Robert B. Jordan
Resident Grump

“Anyone can speak troll. All you have to do is point and grunt.” JK Rowling

A recent issue of National Geographic magazine had a story about “Saving Lost Languages.” The story states the Earth’s seven billion people speak 7,000 languages, and that 78% speak one of the 85 major languages while the remaining 22% speak one of the 3,500 smaller languages, 1000 of which are teetering on the edge of oblivion.

7,000 languages? How did that happen? How did it happen that 7,000

different peoples created 7,000 different variations of sounds
for words that became their language? After all a word is just a sound, or series of sounds that have meaning, and that other people understand. So, many thousands of years ago when those first human beings
emigrated out of Africa onto all the continents of the then world, they

each created a language individual to their particular group. When did their alphabet follow? Or did it come first?

The National Geographic story also says English has 328 million first-language speakers. In many of the world’s tribal villages parents encourage their children to move away from the insular language of their ancestors, and towards languages that can offer better chances for education and success. “Prosperity, it seems, speaks English”, at the cost of losing minor languages. However, the most dominate language is Chinese, including all forms – 2.1 billion.

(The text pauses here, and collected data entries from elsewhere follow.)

(* Let $t(\varphi)$ and $s(\varphi)$ be real trigonometric polynomials with $\deg s<\deg t$, such that all roots of $t$ in the cylinder $\mathbb{C}/2\pi\mathbb{Z}$ are real. Put $r=s/t$. Then for every natural number $n$ \[ (P)\int_0^{2\pi}r^n(\varphi)\,\mathrm{d}\varphi:=\frac12\int_0^{2\pi}(r(\varphi)+i0)^n\,\mathrm{d}\varphi+\frac12\int_0^{2\pi}(r(\varphi)-i0)^n\,\mathrm{d}\varphi=0 . \]
   Context: A real trigonometric polynomial of degree $k$ is $t(\varphi)=\sum_{j=0}^k(a_j\cos j\varphi+b_j\sin j\varphi)$ with real coefficients and $(a_k,b_k)\ne(0,0)$; it extends holomorphically to $\mathbb{C}/2\pi\mathbb{Z}$, where it has $2k$ zeros counted with multiplicity. $\int(r\pm i0)^n\,\mathrm{d}\varphi$ means $\lim_{\eta\searrow0}\int_0^{2\pi}(r(\varphi)\pm i\eta)^n\,\mathrm{d}\varphi$. *)

theory Defs
  imports "HOL-Analysis.Analysis"
begin

text \<open>Holomorphic extension to the complex plane (equivalently the cylinder C/2piZ)
 of the real trigonometric polynomial with coefficients a j, b j, j = 0..k:
 t(z) = sum_{j=0}^k (a_j cos(j z) + b_j sin(j z)).\<close>
definition trig_poly :: "nat \<Rightarrow> (nat \<Rightarrow> real) \<Rightarrow> (nat \<Rightarrow> real) \<Rightarrow> complex \<Rightarrow> complex" where
  "trig_poly k a b z =
     (\<Sum>j\<le>k. complex_of_real (a j) * cos (of_nat j * z) + complex_of_real (b j) * sin (of_nat j * z))"

definition has_trig_degree :: "nat \<Rightarrow> (nat \<Rightarrow> real) \<Rightarrow> (nat \<Rightarrow> real) \<Rightarrow> bool" where
  "has_trig_degree k a b \<longleftrightarrow> (a k, b k) \<noteq> (0, 0)"

end

theory Submission
  imports Defs "HOL-Complex_Analysis.Complex_Analysis"
begin

text \<open>Substitute \<open>w = exp (i z)\<close>. Then \<open>w\<^sup>k t(z)\<close> and \<open>w\<^sup>k\<^sup>-\<^sup>1 s(z)\<close> are polynomials \<open>P\<^sub>t(w)\<close>,
  \<open>P\<^sub>s(w)\<close>, so \<open>r(z)\<^sup>n = w h(w)\<close> with \<open>h(w) = w\<^sup>n\<^sup>-\<^sup>1 P\<^sub>s(w)\<^sup>n / P\<^sub>t(w)\<^sup>n\<close>. Since \<open>t\<close> has no
  roots with \<open>Im z > 0\<close> and \<open>P\<^sub>t(0) \<noteq> 0\<close>, \<open>h\<close> is holomorphic on the unit disc. The line
  \<open>Im z = \<eta> > 0\<close> is mapped onto the circle \<open>|w| = exp (-\<eta>)\<close>, where \<open>w h(w) d\<phi> = -i h(w) dw\<close>,
  so the integral of \<open>r\<^sup>n\<close> over one period vanishes by Cauchy's theorem. The line
  \<open>Im z = -\<eta>\<close> follows by complex conjugation. Hence both one-sided integrals are already \<open>0\<close>
  for every \<open>\<eta> > 0\<close>, and so are their limits.\<close>

definition trig_poly_in_exp :: "nat \<Rightarrow> nat \<Rightarrow> (nat \<Rightarrow> real) \<Rightarrow> (nat \<Rightarrow> real) \<Rightarrow> complex \<Rightarrow> complex" where
  "trig_poly_in_exp K m c d w = (\<Sum>j\<le>m. complex_of_real (c j) * ((w^(K+j) + w^(K-j))/2)
      + complex_of_real (d j) * ((w^(K+j) - w^(K-j))/(2*\<i>)))"

lemma holomorphic_on_trig_poly_in_exp [holomorphic_intros]:
  "trig_poly_in_exp K m c d holomorphic_on A"
  unfolding trig_poly_in_exp_def[abs_def] by (intro holomorphic_intros) auto

lemma trig_poly_mult_exp_power:
  assumes "m \<le> K"
  shows "trig_poly m c d z * exp (\<i>*z) ^ K = trig_poly_in_exp K m c d (exp (\<i>*z))"
proof -
  define w where "w = exp (\<i>*z)"
  have exp_pos: "exp (\<i> * (of_nat j * z)) = w ^ j" for j
    by (simp add: w_def flip: exp_of_nat_mult) (simp add: algebra_simps)
  have exp_neg: "exp (-(\<i> * (of_nat j * z))) = inverse w ^ j" for j
  proof -
    have "exp (-(\<i> * (of_nat j * z))) = exp (of_nat j * (-(\<i>*z)))" by (simp add: algebra_simps)
    also have "\<dots> = exp (-(\<i>*z)) ^ j" by (rule exp_of_nat_mult)
    finally show ?thesis by (simp add: w_def exp_minus)
  qed
  have shift: "inverse w ^ j * w ^ K = w ^ (K - j)" if "j \<le> K" for j
  proof -
    have "w ^ K = w ^ (K-j) * w ^ j" using that by (simp flip: power_add)
    thus ?thesis by (simp add: w_def power_inverse field_simps)
  qed
  have distrib: "(C*((x+y)/2) + D*((x-y)/(2*\<i>)))*W = C*((x*W+y*W)/2) + D*((x*W-y*W)/(2*\<i>))"
    for C D x y W :: complex by (simp add: field_simps)
  have "trig_poly m c d z * w ^ K = trig_poly_in_exp K m c d w"
    unfolding trig_poly_def trig_poly_in_exp_def sum_distrib_right
  proof (rule sum.cong[OF refl])
    fix j assume "j \<in> {..m}"
    then have "j \<le> K" using assms by auto
    then show "(complex_of_real (c j) * cos (of_nat j * z) + complex_of_real (d j) * sin (of_nat j * z)) * w ^ K =
        complex_of_real (c j) * ((w ^ (K + j) + w ^ (K - j)) / 2)
        + complex_of_real (d j) * ((w ^ (K + j) - w ^ (K - j)) / (2 * \<i>))"
      unfolding cos_exp_eq sin_exp_eq exp_pos exp_neg distrib shift[OF \<open>j \<le> K\<close>]
      by (simp add: power_add mult.commute)
  qed
  then show ?thesis by (simp add: w_def)
qed

lemma trig_poly_in_exp_at_0:
  assumes "k \<ge> 1"
  shows "trig_poly_in_exp k k a b 0 = Complex (a k / 2) (b k / 2)"
proof -
  have "trig_poly_in_exp k k a b 0
      = (\<Sum>j\<le>k. if j = k then complex_of_real (a k)/2 - complex_of_real (b k)/(2*\<i>) else 0)"
    unfolding trig_poly_in_exp_def
    by (rule sum.cong[OF refl]) (use assms in \<open>auto simp: zero_power\<close>)
  then show ?thesis by (simp add: complex_eq_iff)
qed

lemma trig_poly_in_exp_nonzero_on_disc:
  assumes deg: "has_trig_degree k a b" "k \<ge> 1"
      and no_upper_roots: "\<And>z. Im z > 0 \<Longrightarrow> trig_poly k a b z \<noteq> 0"
      and w: "w \<in> ball 0 1"
  shows "trig_poly_in_exp k k a b w \<noteq> 0"
proof (cases "w = 0")
  case True
  show ?thesis
    using deg unfolding True by (simp add: trig_poly_in_exp_at_0 has_trig_degree_def complex_eq_iff)
next
  case False
  define z where "z = - \<i> * Ln w"
  have w_eq: "exp (\<i>*z) = w" using False by (simp add: z_def)
  have "Im z = - ln (norm w)" using False by (simp add: z_def Re_Ln)
  then have "Im z > 0" using w False by simp
  then have "trig_poly k a b z * exp (\<i>*z) ^ k \<noteq> 0" using no_upper_roots by simp
  then show ?thesis by (metis trig_poly_mult_exp_power order_refl w_eq)
qed

lemma trig_poly_cnj: "trig_poly m c d (cnj z) = cnj (trig_poly m c d z)"
  unfolding trig_poly_def by (simp add: cnj_cos cnj_sin)

lemma has_integral_horizontal_line_eq_zero:
  fixes h :: "complex \<Rightarrow> complex" and \<eta> :: real
  assumes holo: "h holomorphic_on ball 0 1" and "\<eta> > 0"
  shows "((\<lambda>\<phi>. exp (\<i> * (of_real \<phi> + \<i> * of_real \<eta>)) * h (exp (\<i> * (of_real \<phi> + \<i> * of_real \<eta>))))
           has_integral 0) {0..2*pi}"
proof -
  define r where "r = exp (-\<eta>)"
  have r: "0 < r" "r < 1" using \<open>\<eta> > 0\<close> by (auto simp: r_def)
  have "(h has_contour_integral 0) (circlepath 0 r)"
    by (rule Cauchy_theorem_disc_simple[OF holo]) (use r in auto)
  then have "((\<lambda>\<phi>. h (r * cis \<phi>) * r * \<i> * cis \<phi>) has_integral 0) {0..2*pi}"
    by (simp add: circlepath_def has_contour_integral_part_circlepath_iff)
  then have "((\<lambda>\<phi>. \<i> * (r * cis \<phi> * h (r * cis \<phi>))) has_integral 0) {0..2*pi}"
    by (simp add: mult_ac)
  then have "((\<lambda>\<phi>. r * cis \<phi> * h (r * cis \<phi>)) has_integral 0) {0..2*pi}"
    by (simp add: has_integral_mult_right_iff)
  moreover have "exp (\<i> * (of_real \<phi> + \<i> * of_real \<eta>)) = r * cis \<phi>" for \<phi>
    by (simp add: r_def cis_conv_exp algebra_simps flip: exp_add exp_of_real)
  ultimately show ?thesis by simp
qed

lemma trig_ratio_power_as_exp_times_holomorphic:
  assumes deg: "has_trig_degree k a b" and "m < k"
      and no_upper_roots: "\<And>z. Im z > 0 \<Longrightarrow> trig_poly k a b z \<noteq> 0"
      and "n \<ge> 1"
  obtains h where "h holomorphic_on ball 0 1"
    and "\<And>z. (trig_poly m c d z / trig_poly k a b z) ^ n = exp (\<i>*z) * h (exp (\<i>*z))"
proof
  define P\<^sub>t where "P\<^sub>t = trig_poly_in_exp k k a b"
  define P\<^sub>s where "P\<^sub>s = trig_poly_in_exp (k-1) m c d"
  show "(\<lambda>w. w^(n-1) * P\<^sub>s w ^ n / P\<^sub>t w ^ n) holomorphic_on ball 0 1"
    unfolding P\<^sub>t_def P\<^sub>s_def using assms
    by (intro holomorphic_intros) (auto dest: trig_poly_in_exp_nonzero_on_disc)
  fix z
  define w where "w = exp (\<i>*z)"
  have "w \<noteq> 0" by (simp add: w_def)
  have "w^(k-1) * w = w^k" using \<open>m < k\<close> by (cases k) auto
  then have "trig_poly m c d z / trig_poly k a b z
      = (trig_poly m c d z * w^(k-1) * w) / (trig_poly k a b z * w^k)"
    using \<open>w \<noteq> 0\<close> by (simp add: mult.assoc)
  also have "\<dots> = w * P\<^sub>s w / P\<^sub>t w"
    unfolding P\<^sub>s_def P\<^sub>t_def w_def using \<open>m < k\<close> by (simp add: trig_poly_mult_exp_power)
  finally have "(trig_poly m c d z / trig_poly k a b z) ^ n = w^n * P\<^sub>s w ^ n / P\<^sub>t w ^ n"
    by (simp add: power_mult_distrib power_divide)
  also have "\<dots> = w * (w^(n-1) * P\<^sub>s w ^ n / P\<^sub>t w ^ n)"
    using \<open>n \<ge> 1\<close> by (cases n) auto
  finally show "(trig_poly m c d z / trig_poly k a b z) ^ n
      = exp (\<i>*z) * (exp (\<i>*z)^(n-1) * P\<^sub>s (exp (\<i>*z)) ^ n / P\<^sub>t (exp (\<i>*z)) ^ n)"
    by (simp add: w_def)
qed

lemma has_integral_trig_ratio_power_upper:
  assumes "has_trig_degree k a b" and "m < k"
      and "\<And>z. Im z > 0 \<Longrightarrow> trig_poly k a b z \<noteq> 0"
      and "n \<ge> 1" and "\<eta> > 0"
  shows "((\<lambda>\<phi>. (trig_poly m c d (of_real \<phi> + \<i> * of_real \<eta>) / trig_poly k a b (of_real \<phi> + \<i> * of_real \<eta>)) ^ n)
           has_integral 0) {0..2*pi}"
proof -
  obtain h where "h holomorphic_on ball 0 1"
    and "\<And>z. (trig_poly m c d z / trig_poly k a b z) ^ n = exp (\<i>*z) * h (exp (\<i>*z))"
    using trig_ratio_power_as_exp_times_holomorphic assms(1-4) by metis
  with has_integral_horizontal_line_eq_zero[of h \<eta>] \<open>\<eta> > 0\<close> show ?thesis by simp
qed

lemma has_integral_trig_ratio_power_lower:
  assumes "has_trig_degree k a b" and "m < k"
      and "\<And>z. Im z > 0 \<Longrightarrow> trig_poly k a b z \<noteq> 0"
      and "n \<ge> 1" and "\<eta> > 0"
  shows "((\<lambda>\<phi>. (trig_poly m c d (of_real \<phi> - \<i> * of_real \<eta>) / trig_poly k a b (of_real \<phi> - \<i> * of_real \<eta>)) ^ n)
           has_integral 0) {0..2*pi}"
proof -
  have "(cnj \<circ> (\<lambda>\<phi>. (trig_poly m c d (of_real \<phi> + \<i> * of_real \<eta>) / trig_poly k a b (of_real \<phi> + \<i> * of_real \<eta>)) ^ n)
          has_integral cnj 0) {0..2*pi}"
    using has_integral_trig_ratio_power_upper[OF assms] by (subst has_integral_cnj)
  moreover have "trig_poly m' c' d' (of_real \<phi> - \<i> * of_real \<eta>) = cnj (trig_poly m' c' d' (of_real \<phi> + \<i> * of_real \<eta>))"
    for m' c' d' \<phi>
    by (simp flip: trig_poly_cnj add: complex_eq_iff)
  ultimately show ?thesis by (simp add: o_def)
qed

theorem lemma6:
  fixes k m :: nat and a b c d :: "nat \<Rightarrow> real" and n :: nat
  defines "T \<equiv> trig_poly k a b"
      and "S \<equiv> trig_poly m c d"
  assumes deg_t: "has_trig_degree k a b"
      and deg_s: "has_trig_degree m c d"
      and deg_lt: "m < k"
      and real_roots: "\<forall>z. T z = 0 \<longrightarrow> Im z = 0"
      and n_pos: "n \<ge> 1"
  shows "\<exists>Ip Iq Lp Lm.
           (\<forall>\<^sub>F \<eta> in at_right 0.
              ((\<lambda>\<phi>. (S (complex_of_real \<phi> + \<i> * complex_of_real \<eta>) / T (complex_of_real \<phi> + \<i> * complex_of_real \<eta>)) ^ n) has_integral Ip \<eta>) {0..2*pi})
         \<and> (\<forall>\<^sub>F \<eta> in at_right 0.
              ((\<lambda>\<phi>. (S (complex_of_real \<phi> - \<i> * complex_of_real \<eta>) / T (complex_of_real \<phi> - \<i> * complex_of_real \<eta>)) ^ n) has_integral Iq \<eta>) {0..2*pi})
         \<and> (Ip \<longlongrightarrow> Lp) (at_right 0)
         \<and> (Iq \<longlongrightarrow> Lm) (at_right 0)
         \<and> Lp / 2 + Lm / 2 = 0"
proof (intro exI conjI)
  have no_upper_roots: "Im z > 0 \<Longrightarrow> trig_poly k a b z \<noteq> 0" for z
    using real_roots by (auto simp: T_def)
  show "\<forall>\<^sub>F \<eta> in at_right 0.
      ((\<lambda>\<phi>. (S (of_real \<phi> + \<i> * of_real \<eta>) / T (of_real \<phi> + \<i> * of_real \<eta>)) ^ n) has_integral 0) {0..2*pi}"
    using has_integral_trig_ratio_power_upper[OF deg_t deg_lt no_upper_roots n_pos]
    by (auto simp: S_def T_def intro!: eventually_mono[OF eventually_at_right_less])
  show "\<forall>\<^sub>F \<eta> in at_right 0.
      ((\<lambda>\<phi>. (S (of_real \<phi> - \<i> * of_real \<eta>) / T (of_real \<phi> - \<i> * of_real \<eta>)) ^ n) has_integral 0) {0..2*pi}"
    using has_integral_trig_ratio_power_lower[OF deg_t deg_lt no_upper_roots n_pos]
    by (auto simp: S_def T_def intro!: eventually_mono[OF eventually_at_right_less])
qed (rule tendsto_const, rule tendsto_const, simp)

end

Wikipedia tells us that empirical evidence is limited in the study of language origins. At one point scholars declared the origins of language unsuitable for serious study. The emergence of language is so far back in history that it left no direct historical traces. Linguists, archaeologists, psychologists, anthropologists, and others began in the early 1990’s to address the problem with new methods, but have declared it is “the hardest problem in science.”

The two main approaches today are that language evolved slowly from

pre-linguistic systems, while the other is that language occurred quickly with Homo sapiens less than 200,000 years ago.
There are many theories within those approaches, but the controversy continues. And, how could it not with the following hypotheses and theories being debated for validity:

The ‘obligatory reciprocal altruism’ hypotheses –
If you speak truthfully to me, I will speak truthfully to you

The gossip and grooming hypotheses –
Manual grooming replaced by verbal grooming

Ritual/speech co-evolution –
Human symbolic culture as a whole

Gestural theory –
Language evolved from gestures

Putting the baby down theory
Human mothers had to put the baby down to forage, so they           expressed safety to the baby

Grammaticalisation theory –
Humans care less about niceties than making themselves understood

Self-domesticated ape theory –
Creating cultural niches that provide understandings key to survival

In 1871 Charles Darwin wrote, “I cannot doubt that language owes its

origin to the imitation and modification, aided by signs and gestures, of various natural sounds, the voices of other animals, and man’s own instinctive cries.”

Okay, it’s a known fact that all human populations have a language, but in each of those populations who was the first person to make the sound of a word? And what was it?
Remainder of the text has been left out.